Li is not alone in this view. The author of a column in People's Daily said tapping the 'unique advantage' of the nation's middle class was strategically significant to China's next stage of development.
Just how large is China's middle class? Nanjing University sociology professor Zhou Xiaohong said that about three decades of market-oriented reform had elevated 20 per cent of the Chinese population into the middle class.
Zhou also says this group has a 'unique advantage'. They are pioneers in society not only through earning more, but also being willing to spend more. They use private banks, look for investment opportunities and are happy to use consumer credit. They also tend to spend more on education, travel, and various 'cultural products and services' such as books and movies, Zhou says.
A week ago, a research paper jointly released by the China Social Sciences Academic Press and the Shanghai Academy of Social Sciences, forecast that by 2020, the middle class would make up 40 per cent of the mainland population.

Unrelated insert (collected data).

lemma poly2_mat_kernel_trivial:
  assumes cubic: "A ** A ** A = a *\<^sub>R (A ** A) - b *\<^sub>R A + c *\<^sub>R mat 1"
    and disc: "cubic_discriminant a b c \<noteq> 0"
    and N: "poly2_mat A (4 * b - a^2) (- 2 * a) 3 *v v = 0"
  shows "v = 0"
proof -
  let ?N = "poly2_mat A (4 * b - a^2) (- 2 * a) 3"
  have A: "A *v x = poly2_mat A 0 1 0 *v x" for x
    by (simp add: poly2_mat_mult_vector)
  have N1: "?N *v (A *v v) = 0"
    unfolding A[of v] poly2_mat_commute[of A _ _ _ 0] by (simp only: N matrix_vector_mult_0_right)
  have N2: "?N *v (A *v (A *v v)) = 0"
    unfolding A[of "A *v v"] poly2_mat_commute[of A _ _ _ 0] by (simp only: N1 matrix_vector_mult_0_right)
  have cube: "A *v (A *v (A *v x)) = a *\<^sub>R (A *v (A *v x)) - b *\<^sub>R (A *v x) + c *\<^sub>R x" for x
    using arg_cong[OF cubic, of "\<lambda>M. M *v x"]
    by (simp add: matrix_vector_mult_add_rdistrib matrix_vector_mult_diff_rdistrib
        flip: scaleR_matrix_vector_assoc matrix_vector_mul_assoc)
  have "cubic_discriminant a b c * v $ i = 0" for i
  proof (rule cubic_resultant)
    show "3 * (A *v (A *v v)) $ i - 2 * a * (A *v v) $ i + (4 * b - a^2) * v $ i = 0"
      using arg_cong[OF N, of "\<lambda>y. y $ i"] by (simp add: poly2_mat_mult_vector algebra_simps)
    show "3 * (A *v (A *v (A *v v))) $ i - 2 * a * (A *v (A *v v)) $ i + (4 * b - a^2) * (A *v v) $ i = 0"
      using arg_cong[OF N1, of "\<lambda>y. y $ i"] by (simp add: poly2_mat_mult_vector algebra_simps)
    show "3 * (A *v (A *v (A *v (A *v v)))) $ i - 2 * a * (A *v (A *v (A *v v))) $ i
        + (4 * b - a^2) * (A *v (A *v v)) $ i = 0"
      using arg_cong[OF N2, of "\<lambda>y. y $ i"] by (simp add: poly2_mat_mult_vector algebra_simps)
    show "(A *v (A *v (A *v v))) $ i = a * (A *v (A *v v)) $ i - b * (A *v v) $ i + c * v $ i"
      by (simp add: cube)
    show "(A *v (A *v (A *v (A *v v)))) $ i = a * (A *v (A *v (A *v v))) $ i - b * (A *v (A *v v)) $ i
        + c * (A *v v) $ i"
      unfolding cube[of "A *v v"] by simp
  qed
  with disc show ?thesis
    by (simp add: vec_eq_iff)
qed

definition C1 :: "real^'n^'n \<Rightarrow> real^'n^'n" where
  "C1 A = A - sh_a A *\<^sub>R mat 1"

definition C2 :: "real^'n^'n \<Rightarrow> real^'n^'n" where
  "C2 A = A ** A - sh_a A *\<^sub>R A + sh_b A *\<^sub>R mat 1"

lemma C1_eq_poly2_mat: "C1 A = poly2_mat A (- sh_a A) 1 0"
  by (simp add: C1_def poly2_mat_def)

lemma C2_eq_poly2_mat: "C2 A = poly2_mat A (sh_b A) (- sh_a A) 1"
  by (simp add: C2_def poly2_mat_def)

section \<open>The Jacobi form\<close>

text \<open>For skew-symmetric \<open>P\<close>, this is the 3-form \<open>u \<and> P\<close>.\<close>
definition wedge :: "real^'n \<Rightarrow> real^'n^'n \<Rightarrow> 'n \<Rightarrow> 'n \<Rightarrow> 'n \<Rightarrow> real" where
  "wedge u P i j k = u $ i * P $ j $ k + u $ j * P $ k $ i + u $ k * P $ i $ j"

But, not everyone is so optimistic. A piece in the Yanzhao Metropolis Daily in Hebei province was quick to ridicule the claim. In reality, it said, it was the poorer part of society, not the middle class, that appeared to be growing.
Sky-rocketing housing prices, a lack of jobs, and the widening wealth gap were making social mobility increasingly difficult in today's China. Any misstep would easily send a middle-class person back to the 'new poor', it said.
Even an article in the magazine Insight China, a subsidiary of Qiushi, said China's middle class was on the verge of a total collapse due to housing and education costs.
And, a commentary in the Qianjiang Evening News in Zhejiang province lamented that, in comparison with the leisurely lifestyles depicted in Western soap operas - still the main window for most Chinese on life in the West - it was evident there was still no middle class in China.